The safety and scientific validity of this study is the responsibility of the study sponsor and investigators. Listing a study does not mean it has been evaluated by the U.S. Federal Government. Read our disclaimer for details. Identifier: NCT00285324
Recruitment Status : Completed
First Posted : February 1, 2006
Last Update Posted : October 6, 2017
Information provided by:
National Institutes of Health Clinical Center (CC)

Brief Summary:

This study will examine the use of a variation of standard magnetic resonance imaging (MRI) called diffusion tensor MRI (DT-MRI) for distinguishing injured brain tissue due to radiation therapy (radiation necrosis) from the return of a brain tumor that was previously removed (tumor recurrence). DT-MRI differs from standard MRI in the way that computers process the images; there is no difference in the experience of having the procedure done. Both radiation necrosis and tumor recurrence can occur within weeks to months following brain radiation treatment. Because the treatment and management options for the two conditions differ significantly, distinguishing the two is of critical importance. Currently, surgical biopsy is required to make this differentiation.

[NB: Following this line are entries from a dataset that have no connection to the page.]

lemma dim_glued_delta0_image:
  "fs.dim ((\<lambda>x. delta0 (g ` Q0) Q1 sB tB ZB x :: _ \<Rightarrow> 'k::field) ` par0 (g ` Q0) Q1 sB tB ZB)
     = fs.dim ((\<lambda>v. transfer (glued_vertex_vec v)) ` (Q0 - {vn}) :: (_ \<Rightarrow> 'k) set)
     + fs.dim ((\<lambda>l. transfer (cycle_vec l)) ` old_cycles :: (_ \<Rightarrow> 'k) set)
     + fs.dim ((\<lambda>l. transfer (cycle_vec l)) ` new_cycles :: (_ \<Rightarrow> 'k) set)"
proof -
  let ?V = "(\<lambda>v. transfer (glued_vertex_vec v)) ` (Q0 - {vn}) :: (_ \<Rightarrow> 'k) set"
  let ?O = "(\<lambda>l. transfer (cycle_vec l)) ` old_cycles :: (_ \<Rightarrow> 'k) set"
  let ?N = "(\<lambda>l. transfer (cycle_vec l)) ` new_cycles :: (_ \<Rightarrow> 'k) set"
  have "fs.dim (?O \<union> ?N) = fs.dim ?O + fs.dim ?N"
  proof (rule dim_Un_disjoint_supports[where P = parallel_coords])
    fix f and y :: "('v, 'e) arrow_pair"
    assume "f \<in> ?O" "y \<notin> parallel_coords"
    then show "f y = 0"
      using transfer_nonzero old_cycle_vec_nonzero by (cases y) (fastforce simp: parallel_coords_def)
  next
    fix f and y :: "('v, 'e) arrow_pair"
    assume "f \<in> ?N" "y \<in> parallel_coords"
    then show "f y = 0"
      using transfer_nonzero new_cycle_vec_outside_parallel by (cases y) (fastforce simp: parallel_coords_def)
  qed (simp_all add: finite_old_cycles finite_new_cycles)
  moreover have "fs.dim (?V \<union> (?O \<union> ?N)) = fs.dim ?V + fs.dim (?O \<union> ?N)"
  proof (rule dim_Un_disjoint_supports[where P = "{(a, w, p). length p = 1}"])
    fix f and y :: "('v, 'e) arrow_pair"
    assume "f \<in> ?V" "y \<notin> {(a, w, p). length p = 1}"
    then show "f y = 0"
      using transfer_nonzero glued_vertex_vec_nonzero by (cases y) fastforce
  next
    fix f and y :: "('v, 'e) arrow_pair"
    assume "f \<in> ?O \<union> ?N" "y \<in> {(a, w, p). length p = 1}"
    then show "f y = 0"
      using transfer_nonzero cycle_vec_nonzero basis_word_nonempty glued_cycle_iff
      by (cases y) fastforce
  qed (simp_all add: finite_Q0 finite_old_cycles finite_new_cycles)
  ultimately show ?thesis
    unfolding glued_delta0_image by simp
qed

lemma dim_transfer_old_cycles:
  "fs.dim ((\<lambda>l. transfer (cycle_vec l)) ` old_cycles :: (_ \<Rightarrow> 'k::field) set)
     = fs.dim (cycle_vec ` old_cycles :: (_ \<Rightarrow> 'k) set)"
proof -
  have "fs.dim (transfer ` cycle_vec ` old_cycles :: (_ \<Rightarrow> 'k) set) = fs.dim (cycle_vec ` old_cycles :: (_ \<Rightarrow> 'k) set)"
    by (rule dim_transfer) (use cycle_vec_nonzero basis_word_nonempty in \<open>fastforce simp: old_cycles_def\<close>)
  then show ?thesis
    by (simp add: image_image)
qed

lemma dim_transfer_glued_vertex_vecs:
  "fs.dim ((\<lambda>v. transfer (glued_vertex_vec v)) ` (Q0 - {vn}) :: (_ \<Rightarrow> 'k::field) set)
     = fs.dim (glued_vertex_vec ` (Q0 - {vn}) :: (_ \<Rightarrow> 'k) set)"
proof -
  have "fs.dim (transfer ` glued_vertex_vec ` (Q0 - {vn}) :: (_ \<Rightarrow> 'k) set)
      = fs.dim (glued_vertex_vec ` (Q0 - {vn}) :: (_ \<Rightarrow> 'k) set)"
    by (rule dim_transfer) (use glued_vertex_vec_nonzero in fastforce)
  then show ?thesis
    by (simp add: image_image)
qed

lemma span_vertex_vecs:
  "fs.span (vertex_vec ` Q0 :: (_ \<Rightarrow> 'k::field) set)
     = fs.span (insert (vertex_vec v1) (glued_vertex_vec ` (Q0 - {vn})))"
proof -
  let ?G = "glued_vertex_vec ` (Q0 - {vn}) :: (_ \<Rightarrow> 'k) set"
  have glued_eq: "(glued_vertex_vec v :: _ \<Rightarrow> 'k) = vertex_vec v" if "v \<noteq> v1" for v
    using that by (simp add: glued_vertex_vec_def)
  have "glued_vertex_vec v1 - vertex_vec v1 \<in> fs.span (insert (vertex_vec v1) ?G)"
    using v1_in_Q0 v1_neq_vn by (intro fs.span_diff fs.span_base) auto
  then have vn_in: "vertex_vec vn \<in> fs.span (insert (vertex_vec v1) ?G)"
    by (simp add: glued_vertex_vec_def)
  have "vertex_vec v1 + vertex_vec vn \<in> fs.span (vertex_vec ` Q0 :: (_ \<Rightarrow> 'k) set)"
    using v1_in_Q0 vn_in_Q0 by (intro fs.span_add fs.span_base) auto
  then have v1_in: "glued_vertex_vec v1 \<in> fs.span (vertex_vec ` Q0 :: (_ \<Rightarrow> 'k) set)"
    by (simp add: glued_vertex_vec_def)
  have "vertex_vec ` Q0 \<subseteq> fs.span (insert (vertex_vec v1) ?G)"
  proof (rule image_subsetI)
    fix v
    assume "v \<in> Q0"
    then consider "v = v1" | "v = vn" | "v \<in> Q0 - {vn}" "v \<noteq> v1"
      by blast
    then show "vertex_vec v \<in> fs.span (insert (vertex_vec v1) ?G)"
    proof cases
      case 3
      then have "glued_vertex_vec v \<in> insert (vertex_vec v1) ?G"
        by blast
      then have "glued_vertex_vec v \<in> fs.span (insert (vertex_vec v1) ?G)"
        by (rule fs.span_base)
      then show ?thesis
        using glued_eq[of v] 3 by simp
    qed (use vn_in in \<open>auto intro: fs.span_base\<close>)
  qed
  moreover have "(glued_vertex_vec v :: _ \<Rightarrow> 'k) \<in> fs.span (vertex_vec ` Q0)" if "v \<in> Q0" for v
  proof (cases "v = v1")
    case False
    then show ?thesis
      using that glued_eq[OF False] by (simp add: fs.span_base)
  qed (simp add: v1_in)
  then have "insert (vertex_vec v1) ?G \<subseteq> fs.span (vertex_vec ` Q0)"
    using v1_in_Q0 by (auto intro: fs.span_base)
  ultimately show ?thesis
    unfolding fs.span_eq by blast
qed

text \<open>The glued vertex vectors are coboundaries of potentials d with d v1 = d vn (take for d
  the indicator of a glued vertex); the vertex vector of v1 is not if v1 and vn are connected,
  as d minus the indicator of v1 would be constant along a walk from v1 to vn.\<close>

definition glued_coboundaries :: "(('v, 'e) arrow_pair \<Rightarrow> 'k::field) set" where
  "glued_coboundaries = {f. \<exists>d. d v1 = d vn \<and> (\<forall>a\<in>Q1. f (a, s a, [a]) = d (s a) - d (t a))}"

lemma subspace_glued_coboundaries: "fs.subspace (glued_coboundaries :: (_ \<Rightarrow> 'k::field) set)"
  unfolding fs.subspace_def
proof (intro conjI ballI allI)
  show "0 \<in> (glued_coboundaries :: (_ \<Rightarrow> 'k) set)"
    unfolding glued_coboundaries_def by (intro CollectI exI[of _ "\<lambda>_. 0"]) simp
next
  fix f f' :: "('v, 'e) arrow_pair \<Rightarrow> 'k"
  assume "f \<in> glued_coboundaries" "f' \<in> glued_coboundaries"
  then obtain d d' where "d v1 = d vn" "\<forall>a\<in>Q1. f (a, s a, [a]) = d (s a) - d (t a)"
    "d' v1 = d' vn" "\<forall>a\<in>Q1. f' (a, s a, [a]) = d' (s a) - d' (t a)"
    unfolding glued_coboundaries_def by blast
  then show "f + f' \<in> glued_coboundaries"
    unfolding glued_coboundaries_def by (intro CollectI exI[of _ "\<lambda>v. d v + d' v"]) simp
next
  fix c :: 'k and f :: "('v, 'e) arrow_pair \<Rightarrow> 'k"
  assume "f \<in> glued_coboundaries"
  then obtain d where "d v1 = d vn" "\<forall>a\<in>Q1. f (a, s a, [a]) = d (s a) - d (t a)"
    unfolding glued_coboundaries_def by blast
  then show "fscale c f \<in> glued_coboundaries"
    unfolding glued_coboundaries_def
    by (intro CollectI exI[of _ "\<lambda>v. c * d v"]) (simp add: fscale_def right_diff_distrib)
qed

lemma glued_vertex_vec_in_glued_coboundaries:
  "v \<in> Q0 - {vn} \<Longrightarrow> glued_vertex_vec v \<in> glued_coboundaries"
  unfolding glued_coboundaries_def
  by (intro CollectI exI[of _ "\<lambda>x. of_bool (g x = v)"]) (simp add: glued_vertex_vec_apply)

lemma vertex_vec_notin_glued_coboundaries:
  assumes "(v1, vn) \<in> conn_rel Q1 s t"
  shows "(vertex_vec v1 :: _ \<Rightarrow> 'k::field) \<notin> glued_coboundaries"
proof
  assume "(vertex_vec v1 :: _ \<Rightarrow> 'k) \<in> glued_coboundaries"
  then obtain d :: "'v \<Rightarrow> 'k" where d: "d v1 = d vn" "\<forall>a\<in>Q1. vertex_vec v1 (a, s a, [a]) = d (s a) - d (t a)"
    unfolding glued_coboundaries_def by blast
  have "\<forall>a\<in>Q1. d (s a) - of_bool (s a = v1) = d (t a) - of_bool (t a = v1)"
  proof
    fix a
    assume "a \<in> Q1"
    then have "of_bool (s a = v1) - of_bool (t a = v1) = d (s a) - d (t a)"
      using d(2) by (simp add: vertex_vec_def)
    then show "d (s a) - of_bool (s a = v1) = d (t a) - of_bool (t a = v1)"
      by algebra
  qed
  then have "d v1 - of_bool (v1 = v1) = d vn - of_bool (vn = v1)"
    using assms by (rule conn_rel_invariant)
  then show False
    using d(1) v1_neq_vn by simp
qed

lemma vertex_vec_notin_span_if_connected:
  assumes "(v1, vn) \<in> conn_rel Q1 s t"
  shows "(vertex_vec v1 :: _ \<Rightarrow> 'k::field) \<notin> fs.span (glued_vertex_vec ` (Q0 - {vn}))"
proof -
  have "fs.span (glued_vertex_vec ` (Q0 - {vn})) \<subseteq> (glued_coboundaries :: (_ \<Rightarrow> 'k) set)"
    using glued_vertex_vec_in_glued_coboundaries subspace_glued_coboundaries
    by (intro fs.span_minimal) auto
  then show ?thesis
    using vertex_vec_notin_glued_coboundaries[OF assms] by blast
qed

lemma sum_vertex_vecs_eq_0_if_closed:
  assumes "finite C" and closed: "\<And>a. a \<in> Q1 \<Longrightarrow> s a \<in> C \<longleftrightarrow> t a \<in> C"
  shows "(\<Sum>v\<in>C. vertex_vec v) = (0 :: _ \<Rightarrow> 'k::ring_1)"
proof
  fix y :: "('v, 'e) arrow_pair"
  obtain a w p where y: "y = (a, w, p)"
    by (cases y)
  have "(\<Sum>v\<in>C. vertex_vec v y) = (0 :: 'k)"
  proof (cases "a \<in> Q1 \<and> p = [a] \<and> w = s a")
    case True
    then have "(\<Sum>v\<in>C. vertex_vec v y) = (\<Sum>v\<in>C. of_bool (s a = v) - of_bool (t a = v) :: 'k)"
      by (simp add: y vertex_vec_def)
    also have "\<dots> = of_bool (s a \<in> C) - of_bool (t a \<in> C)"
      using assms(1) by (simp add: sum_subtractf of_bool_def)
    finally show ?thesis
      using closed True by simp
  qed (use y in \<open>auto simp: vertex_vec_def intro: sum.neutral\<close>)
  then show "(\<Sum>v\<in>C. vertex_vec v) y = (0 :: _ \<Rightarrow> 'k) y"
    by (simp add: sum_fun_apply)
qed
(* Let $(X,d,A)$ be a metric pair and let $p\in[1,\infty]$. Then the following are equivalent: (i) for every $\alpha,\beta\in\overline{D}_p(X,A)$ with $W_p(\alpha,\beta)<\infty$ there exists an optimal matching $\sigma\in\overline{D}(X\times X,A\times A)$ of $\alpha$ and $\beta$; (ii) $A$ is distance minimizing, i.e. for each $x\in X$ with $d(x,A)<\infty$ there exists $a\in A$ with $d(x,A)=d(x,a)$.
   Context: A metric on a set $X$ is a map $d:X\times X\to[0,\infty]$ with $d(x,x)=0$, $d(x,y)=d(y,x)$ and $d(x,z)\le d(x,y)+d(y,z)$; infinite distances are allowed and $d(x,y)=0$ need not imply $x=y$. A metric pair $(X,d,A)$ is a metric space $(X,d)$ together with a closed subset $A\subset X$. Write $d(x,A)=\inf_{a\in A}d(x,a)$ and, for $\delta\in(0,\infty]$, $A^\delta=\{x\in X: d(x,A)<\delta\}$. A (countable) persistence diagram $\alpha\in\overline{D}(X,A)$ is a function $\hat\alpha:X\setminus A\to\mathbb{Z}_{\ge0}$ with countable support, written as a formal sum $\hat\alpha=\sum_{i\in I}x_i$ ($I$ countable, $x_i\in X\setminus A$, repetitions allowed); equivalently, a countable formal sum of points of $X$ modulo formal sums of points of $A$. $0$ denotes the empty diagram, $|\alpha|=|I|$. Similarly $\overline{D}(X\times X,A\times A)$ consists of countable formal sums of points of $(X\times X)\setminus(A\times A)$. Given $\hat\alpha=\sum_{i\in I}x_i$ and $\hat\beta=\sum_{j\in J}y_j$, a matching of $\alpha$ and $\beta$ is an element $\sigma$ of the form $\hat\sigma=\sum_{k\in K}(x_k,y_{\varphi(k)})+\sum_{i\in I\setminus K}(x_i,z_i)+\sum_{j\in J\setminus\varphi(K)}(w_j,y_j)$ for some $K\subset I$, injection $\varphi:K\to J$, and points $z_i,w_j\in A$. Writing $\hat\sigma=\sum_{l\in L}(u_l,v_l)$, its $p$-cost is $\mathrm{Cost}_p(\sigma)=\|(d(u_l,v_l))_{l\in L}\|_p\in[0,\infty]$ (the $\ell^p$ norm, sup norm if $p=\infty$). The $p$-Wasserstein distance is $W_p(\alpha,\beta)=\inf_\sigma\mathrm{Cost}_p(\sigma)$ over all matchings; an optimal matching is one with $\mathrm{Cost}_p(\sigma)=W_p(\alpha,\beta)$. For $\alpha$ and $\delta\in(0,\infty]$, the $\delta$-upper part $u_\delta(\alpha)$ is the restriction of $\hat\alpha$ to $X\setminus A^\delta$ and the $\delta$-lower part $\ell_\delta(\alpha)$ is the restriction to $A^\delta\setminus A$. For $p\in[1,\infty)$, $\overline{D}_p(X,A)=\{\alpha\in\overline{D}(X,A): |u_\infty(\alpha)|<\infty,\ W_p(\ell_\infty(\alpha),0)<\infty\}$; and $\overline{D}_\infty(X,A)=\{\alpha: |u_\delta(\alpha)|<\infty\text{ for all }\delta>0\}$. *)

theory Defs
  imports "HOL-Analysis.Analysis"
begin

(* Extended pseudo-metric on the whole type 'a (X = UNIV), values in [0,\<infinity>]. *)
definition emetric :: "('a \<Rightarrow> 'a \<Rightarrow> ennreal) \<Rightarrow> bool" where
  "emetric d \<longleftrightarrow> (\<forall>x. d x x = 0) \<and> (\<forall>x y. d x y = d y x) \<and>
     (\<forall>x y z. d x z \<le> d x y + d y z)"

definition eclosed :: "('a \<Rightarrow> 'a \<Rightarrow> ennreal) \<Rightarrow> 'a set \<Rightarrow> bool" where
  "eclosed d A \<longleftrightarrow> (\<forall>x. x \<notin> A \<longrightarrow> (\<exists>e::real>0. \<forall>y. d x y < ennreal e \<longrightarrow> y \<notin> A))"

(* d(x,A) = inf over a in A (= \<infinity> if A empty) *)
definition setdist :: "('a \<Rightarrow> 'a \<Rightarrow> ennreal) \<Rightarrow> 'a \<Rightarrow> 'a set \<Rightarrow> ennreal" where
  "setdist d x A = (INF a\<in>A. d x a)"

definition thick :: "('a \<Rightarrow> 'a \<Rightarrow> ennreal) \<Rightarrow> 'a set \<Rightarrow> ennreal \<Rightarrow> 'a set" where
  "thick d A \<delta> = {x. setdist d x A < \<delta>}"

definition dist_minimizing :: "('a \<Rightarrow> 'a \<Rightarrow> ennreal) \<Rightarrow> 'a set \<Rightarrow> bool" where
  "dist_minimizing d A \<longleftrightarrow>
     (\<forall>x. setdist d x A < \<infinity> \<longrightarrow> (\<exists>a\<in>A. setdist d x A = d x a))"

(* Persistence diagrams in D(X,A): functions X\A \<rightarrow> Z_{\<ge>0} with countable support,
   represented as functions 'a \<Rightarrow> nat vanishing on A. *)
definition dgm :: "'b set \<Rightarrow> ('b \<Rightarrow> nat) set" where
  "dgm S = {f. countable {u. f u \<noteq> 0} \<and> (\<forall>u\<in>S. f u = 0)}"

(* f is the formal sum \<Sum>_{i\<in>I} x_i with all x_i outside S (countable index set I \<subseteq> nat) *)
definition is_fsum :: "'b set \<Rightarrow> ('b \<Rightarrow> nat) \<Rightarrow> nat set \<Rightarrow> (nat \<Rightarrow> 'b) \<Rightarrow> bool" where
  "is_fsum S f I x \<longleftrightarrow> (\<forall>i\<in>I. x i \<notin> S) \<and>
     (\<forall>u. finite {i\<in>I. x i = u} \<and> f u = card {i\<in>I. x i = u})"

definition is_matching :: "'a set \<Rightarrow> ('a \<Rightarrow> nat) \<Rightarrow> ('a \<Rightarrow> nat) \<Rightarrow> ('a \<times> 'a \<Rightarrow> nat) \<Rightarrow> bool" where
  "is_matching A \<alpha> \<beta> \<sigma> \<longleftrightarrow>
    (\<exists>I x J y K \<phi> z w. is_fsum A \<alpha> I x \<and> is_fsum A \<beta> J y \<and>
       K \<subseteq> I \<and> inj_on \<phi> K \<and> \<phi> ` K \<subseteq> J \<and>
       (\<forall>i\<in>I - K. z i \<in> A) \<and> (\<forall>j\<in>J - \<phi> ` K. w j \<in> A) \<and>
       \<sigma> = (\<lambda>q. card {k\<in>K. (x k, y (\<phi> k)) = q} + card {i\<in>I - K. (x i, z i) = q}
                 + card {j\<in>J - \<phi> ` K. (w j, y j) = q}))"

definition enn_powr :: "ennreal \<Rightarrow> real \<Rightarrow> ennreal" where
  "enn_powr x r = (if x = \<infinity> then \<infinity> else ennreal (enn2real x powr r))"

definition Cost :: "('a \<Rightarrow> 'a \<Rightarrow> ennreal) \<Rightarrow> ennreal \<Rightarrow> ('a \<times> 'a \<Rightarrow> nat) \<Rightarrow> ennreal" where
  "Cost d p \<sigma> = (if p = \<infinity> then (SUP q\<in>{q. \<sigma> q \<noteq> 0}. d (fst q) (snd q))
     else enn_powr (\<integral>\<^sup>+ q. of_nat (\<sigma> q) * enn_powr (d (fst q) (snd q)) (enn2real p)
                      \<partial>count_space UNIV) (1 / enn2real p))"

definition Wp :: "('a \<Rightarrow> 'a \<Rightarrow> ennreal) \<Rightarrow> 'a set \<Rightarrow> ennreal \<Rightarrow> ('a \<Rightarrow> nat) \<Rightarrow> ('a \<Rightarrow> nat) \<Rightarrow> ennreal" where
  "Wp d A p \<alpha> \<beta> = (INF \<sigma>\<in>{\<sigma>. is_matching A \<alpha> \<beta> \<sigma>}. Cost d p \<sigma>)"

definition restr :: "'a set \<Rightarrow> ('a \<Rightarrow> nat) \<Rightarrow> ('a \<Rightarrow> nat)" where
  "restr S \<alpha> = (\<lambda>x. if x \<in> S then \<alpha> x else 0)"

definition dsize :: "('a \<Rightarrow> nat) \<Rightarrow> ennreal" where
  "dsize \<alpha> = (\<integral>\<^sup>+ x. of_nat (\<alpha> x) \<partial>count_space UNIV)"

definition upper_part :: "('a \<Rightarrow> 'a \<Rightarrow> ennreal) \<Rightarrow> 'a set \<Rightarrow> ennreal \<Rightarrow> ('a \<Rightarrow> nat) \<Rightarrow> ('a \<Rightarrow> nat)" where
  "upper_part d A \<delta> \<alpha> = restr (- thick d A \<delta>) \<alpha>"

definition lower_part :: "('a \<Rightarrow> 'a \<Rightarrow> ennreal) \<Rightarrow> 'a set \<Rightarrow> ennreal \<Rightarrow> ('a \<Rightarrow> nat) \<Rightarrow> ('a \<Rightarrow> nat)" where
  "lower_part d A \<delta> \<alpha> = restr (thick d A \<delta> - A) \<alpha>"

definition Dp :: "('a \<Rightarrow> 'a \<Rightarrow> ennreal) \<Rightarrow> 'a set \<Rightarrow> ennreal \<Rightarrow> ('a \<Rightarrow> nat) set" where
  "Dp d A p = (if p = \<infinity> then
       {\<alpha>\<in>dgm A. \<forall>\<delta>>0. dsize (upper_part d A \<delta> \<alpha>) < \<infinity>}
     else {\<alpha>\<in>dgm A. dsize (upper_part d A \<infinity> \<alpha>) < \<infinity> \<and>
                    Wp d A p (lower_part d A \<infinity> \<alpha>) (\<lambda>_. 0) < \<infinity>})"

end

theory Submission
  imports Defs
begin
(* With the notation below: (i) For each $H\in C_p$ there is a unique map $\chi_H:H\to H_p/(p-1)H_p\simeq\mathbb{Z}/(p-1)\mathbb{Z}$ such that $\chi_H=\chi\circ\lambda^{-1}$ (i.e. $\chi_H(x)=\chi(\lambda^{-1}x)$) for every $\lambda\in\mathbb{R}_+^*$ with $H=\lambda H_p$. (ii) The subgroup $\mathcal P$ of principal divisors is contained in the kernel of the group homomorphism $\chi:\mathrm{Div}(C_p)\to\mathbb{Z}/(p-1)\mathbb{Z}$, $\chi(D)=\sum_H\chi_H(D(H))$.
   Context: Let $p$ be a prime and $H_p=\mathbb{Z}[1/p]\subset\mathbb{Q}$. The ring homomorphism $\chi:H_p\to\mathbb{Z}/(p-1)\mathbb{Z}$ is $\chi(a/p^n)=a\bmod(p-1)$ ($a\in\mathbb{Z}$, $n\in\mathbb{N}$); its kernel is $(p-1)H_p$. $C_p$ is the set of subgroups $H=\lambda H_p\subset\mathbb{R}$, $\lambda>0$. $\mathcal K(C_p)$: continuous piecewise affine functions $f:(0,\infty)\to\mathbb{R}$ with slopes in $H_p$ and $f(p\lambda)=f(\lambda)$ (plus the constant $-\infty$). For real-valued $f$ and $H=\lambda H_p$, $\mathrm{Ord}_H(f)=h_+-h_-$ with $h_\pm=\lim_{\epsilon\to0\pm}(f((1+\epsilon)\lambda)-f(\lambda))/\epsilon\in H$. A divisor $D$ on $C_p$ assigns $D(H)\in H$ to each $H\in C_p$, zero for all but finitely many $H$; $\mathrm{Div}(C_p)$ is the group of divisors under pointwise addition; the principal divisor of real-valued $f\in\mathcal K(C_p)$ is $(f)(H)=\mathrm{Ord}_H(f)$, and $\mathcal P$ is the subgroup of principal divisors. *)

theory Defs
  imports "HOL-Analysis.Analysis" "HOL-Computational_Algebra.Primes"
begin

Healthy volunteers and patients who have received radiation therapy as part of their treatment for a brain tumor may be eligible for this study. All candidates must be at least 21 years old. Patients must have a new area of abnormality that requires a biopsy to determine whether it is a tumor recurrence or radiation necrosis. Candidates are screened with a medical history and physical examination. In addition, patients have blood and urine tests.

All participants undergo MRI and DT-MRI. MRI uses a strong magnetic field and radio waves instead of X-rays to obtain images of body organs and tissues. The MRI scanner is a metal cylinder surrounded by a strong magnetic field. During the MRI, the subject lies on a table that can slide in and out of the cylinder and wears earplugs to muffle loud knocking noises that occur during the scanning. Scanning time varies from 20 minutes to 3 hours, with most scans lasting 40-60 minutes. Subjects may be asked to lie still for up to 20 minutes at a time. DT-MRI is a type of MRI that measures how water moves in the brain tissue. This technique uses the same MRI machine as conventional MRI, but the diffusion images are obtained after the normal MRI scan, and by a computer program that is installed into the machine. This completes the participation of healthy subjects.

In addition to the scans, patients undergo brain biopsy of the abnormal areas identified by MRI. Patients' commitment to the study protocol is fulfilled when the surgery is complete; they may, however, continue to receive follow-up care at the NIH Clinical Center after they complete the study. They are given the results of the biopsy so that further treatment, if necessary, can be arranged.

Condition or disease
Glioma Tumor Recurrence Radiation Necrosis Primary Brain Tumor

Detailed Description:

The most common major side effect of radiation therapy for the treatment of primary brain tumors is the necrosis of normal brain tissues (radiation necrosis). Radiation necrosis typically occurs weeks to months following treatment. The diagnosis is suspected when patients have new areas of gadolinium enhancement on magnetic resonance imaging (MRI) scans. Tumor recurrence can also occur within weeks to months following treatment and is represented by new areas of gadolinium enhancement as well. As the management options for radiation necrosis and tumor recurrence are significantly different, distinguishing the two is of critical importance. Conventional MRI, diffusion-weighted MRI (DW-MRI), MR spectroscopy, SPECT, and PET imaging have all been used to try to make this distinction, but the sensitivity and specificity of these techniques have not been clinically useful. Most patients must therefore undergo a risky diagnostic surgical procedure. Diffusion tensor MRI (DT-MRI) is an imaging technique that provides information regarding both the diffusive properties of water as well as the directionality of water movement. A modification of DT-MRI, referred to as two-compartment DT-MRI, appears to be more sensitive than other variations of MRI for the diagnosis of selected types of brain abnormalities.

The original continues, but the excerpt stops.